A line of horse-drawn carriages, a woman in a white bridal gown sitting in one of them, are arranged in front of the stately home.
The photo shows mature pine trees on the lawn, standing taller than the home’s cupola, which sits in the center at its very top — a room surrounded by eight windows, one for every side of the 156-year old house that still overlooks downtown.
The home stands at the edge of the village, a perfect octagon shape.
It’s a local landmark steeped in rumors.
Was it once a stop in the Underground Railroad, a safe house with secret rooms and access to tunnels, where slaves sought refuge until they could escape to freedom? Then there are the ghost stories people tell about the eight-sided structure, about the spirits they believe are trapped inside.

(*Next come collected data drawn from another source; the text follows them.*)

lemma nn_integral_cond_value_exchange:
  assumes "i \<in> {1..n}" and "i \<notin> A" and "\<forall>j\<in>A. 0 \<le> z j"
  shows "(\<integral>\<^sup>+y. cond_value (S \<union> insert i A) (insert i A - S) (z(i := y)) \<partial>M i) + F S
    \<le> cond_value (S \<union> A) (A - S) z + F (insert i S)"
proof -
  interpret prob_space "M i"
    using prob_space_M assms(1) by blast
  show ?thesis
  proof (cases "i \<in> S")
    case True
    then have "S \<union> insert i A = S \<union> A" "insert i A - S = A - S" "insert i S = S"
      by auto
    with True show ?thesis
      by (simp add: cond_value_fun_upd_notin emeasure_space_1)
  next
    case False
    then have "(\<integral>\<^sup>+y. cond_value (S \<union> insert i A) (insert i A - S) (z(i := y)) \<partial>M i)
        = cond_value (insert i (S \<union> A)) (A - S) z"
      using assms(1,2) nn_integral_cond_value_insert[of i "A - S"] by (simp add: insert_Diff_if)
    moreover have "F S = cond_value S (A - S) z"
      by (rule cond_value_disjoint[symmetric]) auto
    ultimately have "(\<integral>\<^sup>+y. cond_value (S \<union> insert i A) (insert i A - S) (z(i := y)) \<partial>M i) + F S
        = cond_value (insert i (S \<union> A)) (A - S) z + cond_value S (A - S) z"
      by simp
    also have "\<dots> \<le> cond_value (S \<union> A) (A - S) z + cond_value (insert i S) (A - S) z"
      using assms(3) by (intro cond_value_diminishing_returns) auto
    also have "\<dots> = cond_value (S \<union> A) (A - S) z + F (insert i S)"
      using assms(2) by (subst cond_value_disjoint) auto
    finally show ?thesis .
  qed
qed

definition policy_outcome ::
  "(nat set \<times> (nat \<Rightarrow> real) \<Rightarrow> nat) \<Rightarrow> nat set \<Rightarrow> (nat \<Rightarrow> real) \<Rightarrow> nat \<Rightarrow> (nat \<Rightarrow> real) \<Rightarrow> ennreal"
  where "policy_outcome \<pi> A z m \<theta> =
    ennreal (f (partial_state n (policy_run \<pi> n A (override_on \<theta> z A) m) (override_on \<theta> z A)))"

lemma policy_outcome_Suc_fun_upd:
  assumes "i = \<pi> (A, partial_state n A z)" and "i \<notin> A"
  shows "policy_outcome \<pi> A z (Suc m) (\<theta>(i := y)) = policy_outcome \<pi> (insert i A) (z(i := y)) m \<theta>"
proof -
  let ?x = "override_on (\<theta>(i := y)) z A"
  have "partial_state n A ?x = partial_state n A z"
    by (auto simp: partial_state_def fun_eq_iff)
  then have "policy_run \<pi> n A ?x (Suc m) = policy_run \<pi> n (insert i A) ?x m"
    by (simp only: policy_run_Suc_shift assms(1))
  then show ?thesis
    by (simp only: policy_outcome_def override_on_insert_fun_upd[OF assms(2)])
qed

lemma nn_integral_policy_outcome_0:
  assumes "\<forall>j\<in>A. 0 \<le> z j"
  shows "(\<integral>\<^sup>+\<theta>. policy_outcome \<pi> A z 0 \<theta> \<partial>P) \<le> cond_value S A z + cond_value (S \<union> A) (A - S) z"
proof -
  have "AE \<theta> in P. policy_outcome \<pi> A z 0 \<theta>
      \<le> ennreal (f (partial_state n S (override_on \<theta> z A)))
        + ennreal (f (partial_state n (S \<union> A) (override_on \<theta> z (A - S))))"
    using AE_P_nonneg
  proof eventually_elim
    case (elim \<theta>)
    have "0 \<le> override_on \<theta> z B j" if "B \<subseteq> A" "j \<in> {1..n}" for B j
      using elim assms that by (auto simp: override_on_def)
    then have nonneg: "partial_state n T (override_on \<theta> z B) \<in> nonneg_vecs n" if "B \<subseteq> A" for T B
      using that by (intro partial_state_nonneg)
    have "f (partial_state n A (override_on \<theta> z A))
        \<le> f (partial_state n S (override_on \<theta> z A)) + f (partial_state n (S \<union> A) (override_on \<theta> z (A - S)))"
      using elim
      by (intro monotone_submodular_subadditive[OF f_monotone_submodular] nonneg)
         (auto simp: partial_state_def override_on_def)
    moreover have "0 \<le> f (partial_state n T (override_on \<theta> z B))" if "B \<subseteq> A" for T B
      using monotone_submodular_nonneg[OF f_monotone_submodular nonneg[OF that]] .
    ultimately show ?case
      by (simp add: policy_outcome_def flip: ennreal_plus)
  qed
  then have "(\<integral>\<^sup>+\<theta>. policy_outcome \<pi> A z 0 \<theta> \<partial>P)
      \<le> (\<integral>\<^sup>+\<theta>. ennreal (f (partial_state n S (override_on \<theta> z A)))
        + ennreal (f (partial_state n (S \<union> A) (override_on \<theta> z (A - S)))) \<partial>P)"
    by (rule nn_integral_mono_AE)
  also have "\<dots> = cond_value S A z + cond_value (S \<union> A) (A - S) z"
    unfolding cond_value_def by (intro nn_integral_add measurable_f_partial_state_override)
  finally show ?thesis .
qed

Neither claim has ever been substantiated, but even without them, Dansville’s octagon house is a national rarity — one of an estimated 1,000 octagon houses built in the U.S. and Canada between 1848 and 1920. Half of them are gone today.
Dansville’s is the last octagon house still standing in Ingham, Eaton and Clinton counties, one of just 41 of the architectural oddities left in Michigan.
Diane and Marvin Swan bought it to save it from an uncertain future. Their goal now is to wait for a buyer who wants as badly as they did to preserve it.
It’s a one-of-a-kind home, said Diane Swan, 76.
“You just can’t replace it today.”
On a recent Friday morning the Swans stood on the sidewalk in front of the octagon house they bought in the late 1970s.
Today several of the windows are boarded up, and a stone porch that once stood just outside the front door is gone.
For years the 12-room home, with more than 3,000 square feet of space, housed apartments. It was built in 1863 by Dr. D.J. Weston before Dansville was incorporated as a village.
The Swans decided to buy it after a side wall on the home collapsed. It faced demolition back then.
Marvin Swan, 76, grew up in Dansville, but he credits Diane with the purchase.
“I knew she wanted it, and it was alright with me,” Marvin Swan said.
“It was not livable when we bought it,” Diane Swan said. “I wanted to preserve it.”
The couple invested an estimated $30,000 in repairs, paying a contractor to repair the wall and to cover the original exterior — made of eight-by-ten-inch grout blocks, each four inches thick — with stucco.
The home is one of just over 100 octagon-shaped homes built in Michigan.
Orson Squire Fowler created the design concept. The New York native believed octagon-shaped houses promoted good health, with windows that let sun and fresh air in from multiple angles. His book, “The Octagon House: A Home for All,” first published in the mid-1800s, is still in print today.
Wisconsin historian Ellen Puerzer has been cataloging the uniquely-shaped homes built in the wake of Fowler’s idea for more than 40 years. She wrote a book, “Octagon House Inventory,” and today helps maintain a website that catalogs the homes.
Fowler’s architectural trend was unique, but short lived, Puerzer said. Some of the octagon houses built were modest, while others were grand. Some were made out of wood, and others brick. Some were just one story, and others were taller.
“What intrigued me was that, although it was an eight-sided shape, there were so many different looks to them,” she said.